Betty Crocker was created in 1921 when The Washburn Crosby Company started expanding its business. During the time Betty Crocker was introduced, the flour milling company started to host cooking classes both in person and on the radio (bettycrocker.com). During this time, women were mostly stay at home and did the cooking and cleaning. This product was originally made to help mothers spend less time cooking, and have more free time. Betty Crocker was first advertised as being completely premade cake mixes. There was a powdered egg and milk substitute, so the women cooking did not have to do any work. This made it easy to have the taste of a home-cooked meal with little effort put in by the woman in the kitchen.

I embedded some advertisements produced during the 50s and 60s. These ads emphasized the importance of the consumer’s involvement in the cake baking process. Time spent in the kitchen is cut in half, better cakes are made, and the man is happy.

Throughout our discussions on mass culture and mass media, these delicious cakes came to my mind as an example of how mass culture can influence the masses. Pauline Kael once said, “a steady diet of mass culture is a form of deprivation” (154).  I have focused this paper on writing about original Betty Crocker cake mixes and the psychology behind the advertising of these delicious mixes. This product is an outcome based on some ideas authors in class have discussed. Betty Crocker Cake mixes is a prime example of what Adorno, Jameson, and Benjamin wrote about in their writings on free time, utopian society, and mass expertise.

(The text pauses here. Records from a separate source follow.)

lemma is_subring_adjoin: "is_subring (adjoin S t)"
  unfolding is_subring_def
proof (intro conjI ballI)
  show "\<zero> \<in> adjoin S t"
    unfolding adjoin_def using poly_below_zero by blast
  show "\<one> \<in> adjoin S t"
    unfolding adjoin_def using poly_below_const is_subringD(2)[OF S] by blast
  show "\<ominus> x \<in> adjoin S t" if "x \<in> adjoin S t" for x
    using that poly_below_uminus unfolding adjoin_def by blast
  fix x y assume "x \<in> adjoin S t" "y \<in> adjoin S t"
  then obtain d e where "x \<in> poly_below S t d" "y \<in> poly_below S t e" unfolding adjoin_def by blast
  then have "x \<in> poly_below S t (d + e)" "y \<in> poly_below S t (d + e)" "x \<otimes> y \<in> poly_below S t (d + e)"
    using poly_below_mono[of d "d + e"] poly_below_mono[of e "d + e"] poly_below_mult by auto
  then show "x \<otimes> y \<in> adjoin S t" "x \<oplus> y \<in> adjoin S t"
    unfolding adjoin_def using poly_below_add by blast+
qed

lemma subset_adjoin: "S \<subseteq> adjoin S t"
  unfolding adjoin_def using poly_below_const by blast

lemma t_in_adjoin: "t \<in> adjoin S t"
proof -
  have "t \<otimes> \<one> \<in> poly_below S t (Suc 1)"
    using poly_below_mult_t[OF poly_below_const[OF is_subringD(2)[OF S]]] .
  then have "t \<in> poly_below S t (Suc 1)" by (metis r_one UNIV_I carrier_eq_UNIV)
  then show ?thesis unfolding adjoin_def by blast
qed

context
  fixes J
  assumes J: "subring_ideal (adjoin S t) J"
begin

lemma subring_ideal_lead_coeffs: "subring_ideal S (lead_coeffs S t J d)"
proof -
  have "\<zero> \<otimes> t [^] d \<oplus> \<zero> \<in> J" using subring_idealD(2)[OF J] by simp
  then have zero: "\<zero> \<in> lead_coeffs S t J d"
    unfolding lead_coeffs_def using poly_below_zero is_subringD(1)[OF S] by blast
  have add: "x \<oplus> y \<in> lead_coeffs S t J d" and uminus: "\<ominus> x \<in> lead_coeffs S t J d"
    if x: "x \<in> lead_coeffs S t J d" and y: "y \<in> lead_coeffs S t J d" for x y
  proof -
    obtain q where q: "x \<in> S" "q \<in> poly_below S t d" "x \<otimes> t [^] d \<oplus> q \<in> J"
      using x unfolding lead_coeffs_def by blast
    obtain q' where q': "y \<in> S" "q' \<in> poly_below S t d" "y \<otimes> t [^] d \<oplus> q' \<in> J"
      using y unfolding lead_coeffs_def by blast
    have "(x \<oplus> y) \<otimes> t [^] d \<oplus> (q \<oplus> q') = (x \<otimes> t [^] d \<oplus> q) \<oplus> (y \<otimes> t [^] d \<oplus> q')"
      "(\<ominus> x) \<otimes> t [^] d \<oplus> (\<ominus> q) = \<ominus> (x \<otimes> t [^] d \<oplus> q)"
      by (simp_all add: ring_eqs)
    then have "(x \<oplus> y) \<otimes> t [^] d \<oplus> (q \<oplus> q') \<in> J" "(\<ominus> x) \<otimes> t [^] d \<oplus> (\<ominus> q) \<in> J"
      using subring_idealD(3,4)[OF J] q(3) q'(3) by simp_all
    then show "x \<oplus> y \<in> lead_coeffs S t J d" "\<ominus> x \<in> lead_coeffs S t J d"
      unfolding lead_coeffs_def using q q' is_subringD(3,5)[OF S] poly_below_add poly_below_uminus by blast+
  qed
  have scale: "r \<otimes> x \<in> lead_coeffs S t J d" if r: "r \<in> S" and x: "x \<in> lead_coeffs S t J d" for r x
  proof -
    obtain q where q: "x \<in> S" "q \<in> poly_below S t d" "x \<otimes> t [^] d \<oplus> q \<in> J"
      using x unfolding lead_coeffs_def by blast
    have "(r \<otimes> x) \<otimes> t [^] d \<oplus> (r \<otimes> q) = r \<otimes> (x \<otimes> t [^] d \<oplus> q)" by (simp add: ring_eqs)
    then have "(r \<otimes> x) \<otimes> t [^] d \<oplus> (r \<otimes> q) \<in> J"
      using subring_idealD(5)[OF J _ q(3)] subset_adjoin r by auto
    then show ?thesis
      unfolding lead_coeffs_def using q r is_subringD(4)[OF S] poly_below_scale by blast
  qed
  show ?thesis
    unfolding subring_ideal_def lead_coeffs_def
    using zero add uminus scale by (auto simp: lead_coeffs_def)
qed

lemma lead_coeffs_Suc_mono: "lead_coeffs S t J d \<subseteq> lead_coeffs S t J (Suc d)"
proof
  fix c assume "c \<in> lead_coeffs S t J d"
  then obtain q where q: "c \<in> S" "q \<in> poly_below S t d" "c \<otimes> t [^] d \<oplus> q \<in> J"
    unfolding lead_coeffs_def by auto
  have "c \<otimes> t [^] Suc d \<oplus> t \<otimes> q = t \<otimes> (c \<otimes> t [^] d \<oplus> q)"
    unfolding nat_pow_Suc by (simp add: ring_eqs)
  also have "\<dots> \<in> J" using subring_idealD(5)[OF J t_in_adjoin q(3)] .
  finally show "c \<in> lead_coeffs S t J (Suc d)"
    unfolding lead_coeffs_def using q(1) poly_below_mult_t[OF q(2)] by blast
qed

lemma lead_coeffs_mono: "d \<le> e \<Longrightarrow> lead_coeffs S t J d \<subseteq> lead_coeffs S t J e"
  by (induction e rule: dec_induct) (use lead_coeffs_Suc_mono in blast)+

end

text \<open>An element of J of degree \<le> d shares its leading coefficient with some element of I, and
  their difference has smaller degree.\<close>
lemma ideal_eq_if_lead_coeffs_eq:
  assumes I: "subring_ideal (adjoin S t) I" and J: "subring_ideal (adjoin S t) J" and "I \<subseteq> J"
    and lead: "\<And>d. lead_coeffs S t J d \<subseteq> lead_coeffs S t I d"
  shows "I = J"
proof -
  have "f \<in> I" if "f \<in> J" "f \<in> poly_below S t d" for f d
    using that
  proof (induction d arbitrary: f)
    case 0
    then show ?case using subring_idealD(2)[OF I] by simp
  next
    case (Suc d)
    then obtain c q where f: "f = c \<otimes> t [^] d \<oplus> q" "c \<in> S" "q \<in> poly_below S t d" by auto
    then have "c \<in> lead_coeffs S t J d" unfolding lead_coeffs_def using Suc.prems(1) by auto
    then obtain q' where q': "q' \<in> poly_below S t d" "c \<otimes> t [^] d \<oplus> q' \<in> I"
      using lead unfolding lead_coeffs_def by blast
    define g where "g = c \<otimes> t [^] d \<oplus> q'"
    have "f \<oplus> \<ominus> g \<in> J"
      using subring_idealD(3,4)[OF J] Suc.prems(1) q'(2) \<open>I \<subseteq> J\<close> g_def by blast
    moreover have "f \<oplus> \<ominus> g = q \<oplus> \<ominus> q'" unfolding f(1) g_def by (simp add: ring_eqs r_neg)
    then have "f \<oplus> \<ominus> g \<in> poly_below S t d" using poly_below_add poly_below_uminus f(3) q'(1) by simp
    ultimately have "f \<oplus> \<ominus> g \<in> I" by (rule Suc.IH)
    then have "(f \<oplus> \<ominus> g) \<oplus> g \<in> I" using subring_idealD(3)[OF I] q'(2) g_def by blast
    then show "f \<in> I" by (simp add: ring_eqs r_neg)
  qed
  then have "J \<subseteq> I" using subring_idealD(1)[OF J] unfolding adjoin_def by blast
  with \<open>I \<subseteq> J\<close> show ?thesis by blast
qed

end
lemma gram_eigenvalue_nonneg:
  fixes N :: "real^'a^'b"
  assumes "l \<in> eigenvalues_of (transpose N ** N)"
  shows "0 \<le> l"
proof -
  obtain v where v: "v \<noteq> 0" "(transpose N ** N) *v v = l *\<^sub>R v"
    using assms unfolding eigenvalues_of_def by blast
  then have "l * (v \<bullet> v) = (N *v v) \<bullet> (N *v v)"
    by (simp add: inner_matrix_vector_mult_self)
  then show ?thesis
    using v(1) by (metis inner_ge_zero inner_gt_zero_iff zero_le_mult_iff not_less)
qed

lemma norm_gram_eigenvector:
  fixes N :: "real^'a^'b"
  assumes "(transpose N ** N) *v v = l *\<^sub>R v"
  shows "norm (N *v v) = sqrt l * norm v"
proof (cases "v = 0")
  case False
  then have "l \<in> eigenvalues_of (transpose N ** N)"
    using assms unfolding eigenvalues_of_def by blast
  then have "0 \<le> l" by (rule gram_eigenvalue_nonneg)
  have "(norm (N *v v))\<^sup>2 = l * (norm v)\<^sup>2"
    using assms by (simp add: inner_matrix_vector_mult_self power2_norm_eq_inner)
  also have "\<dots> = (sqrt l * norm v)\<^sup>2"
    using \<open>0 \<le> l\<close> by (simp add: power_mult_distrib)
  finally show ?thesis
    using \<open>0 \<le> l\<close> by (simp add: power2_eq_iff_nonneg)
qed simp

lemma sigma_min_mult_norm_le:
  fixes C :: "real^'c^'r"
  assumes "CARD('c) \<le> CARD('r)"
  shows "sigma_min C * norm z \<le> norm (C *v z)"
proof -
  let ?G = "transpose C ** C"
  have sym: "transpose ?G = ?G" by (simp add: matrix_transpose_mul)
  obtain l where l: "l \<in> eigenvalues_of ?G" "\<forall>x. l * (x \<bullet> x) \<le> x \<bullet> (?G *v x)"
    using symmetric_matrix_min_eigenvalue[OF sym] by blast
  have "sigma_min C \<le> sqrt l"
    unfolding sigma_min_def singular_values_def
    using assms l(1) finite_eigenvalues_symmetric_matrix[OF sym] by simp
  then have "sigma_min C * norm z \<le> sqrt l * norm z" by (simp add: mult_right_mono)
  also have "\<dots> \<le> norm (C *v z)"
  proof (rule power2_le_imp_le)
    have "0 \<le> l" using l(1) by (rule gram_eigenvalue_nonneg)
    then show "(sqrt l * norm z)\<^sup>2 \<le> (norm (C *v z))\<^sup>2"
      using spec[OF l(2), of z]
      by (simp add: power_mult_distrib power2_norm_eq_inner inner_matrix_vector_mult_self)
  qed simp
  finally show ?thesis .
qed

Adorno had a lot to say about mass culture creating a false sense of freedom. One of the main goals for Betty Crocker was, supposedly, to give women freedom from the kitchen. Adorno says multiple times in his Free Time writing that free time is connected to its opposite; unfreedom (187). But was it really freedom women were gaining out of this? Were women given actual free time to enjoy more of their personal hobbies, or were these “quick fix” meals a way to distant women from real freedom? According to Adorno, “free time depends on the totality of social conditions” (187). The social conditions were being challenged during this time with the women’s rights movement and women’s suffrage around this time. It is an interesting notion since Betty Crocker came out around the same time as the women’s suffrage movements, that whether these simple cake mixes were a way to push women out of the kitchen, or further push them away from the rest of society. Concealing a hidden labor behind the slogan “You add the egg!”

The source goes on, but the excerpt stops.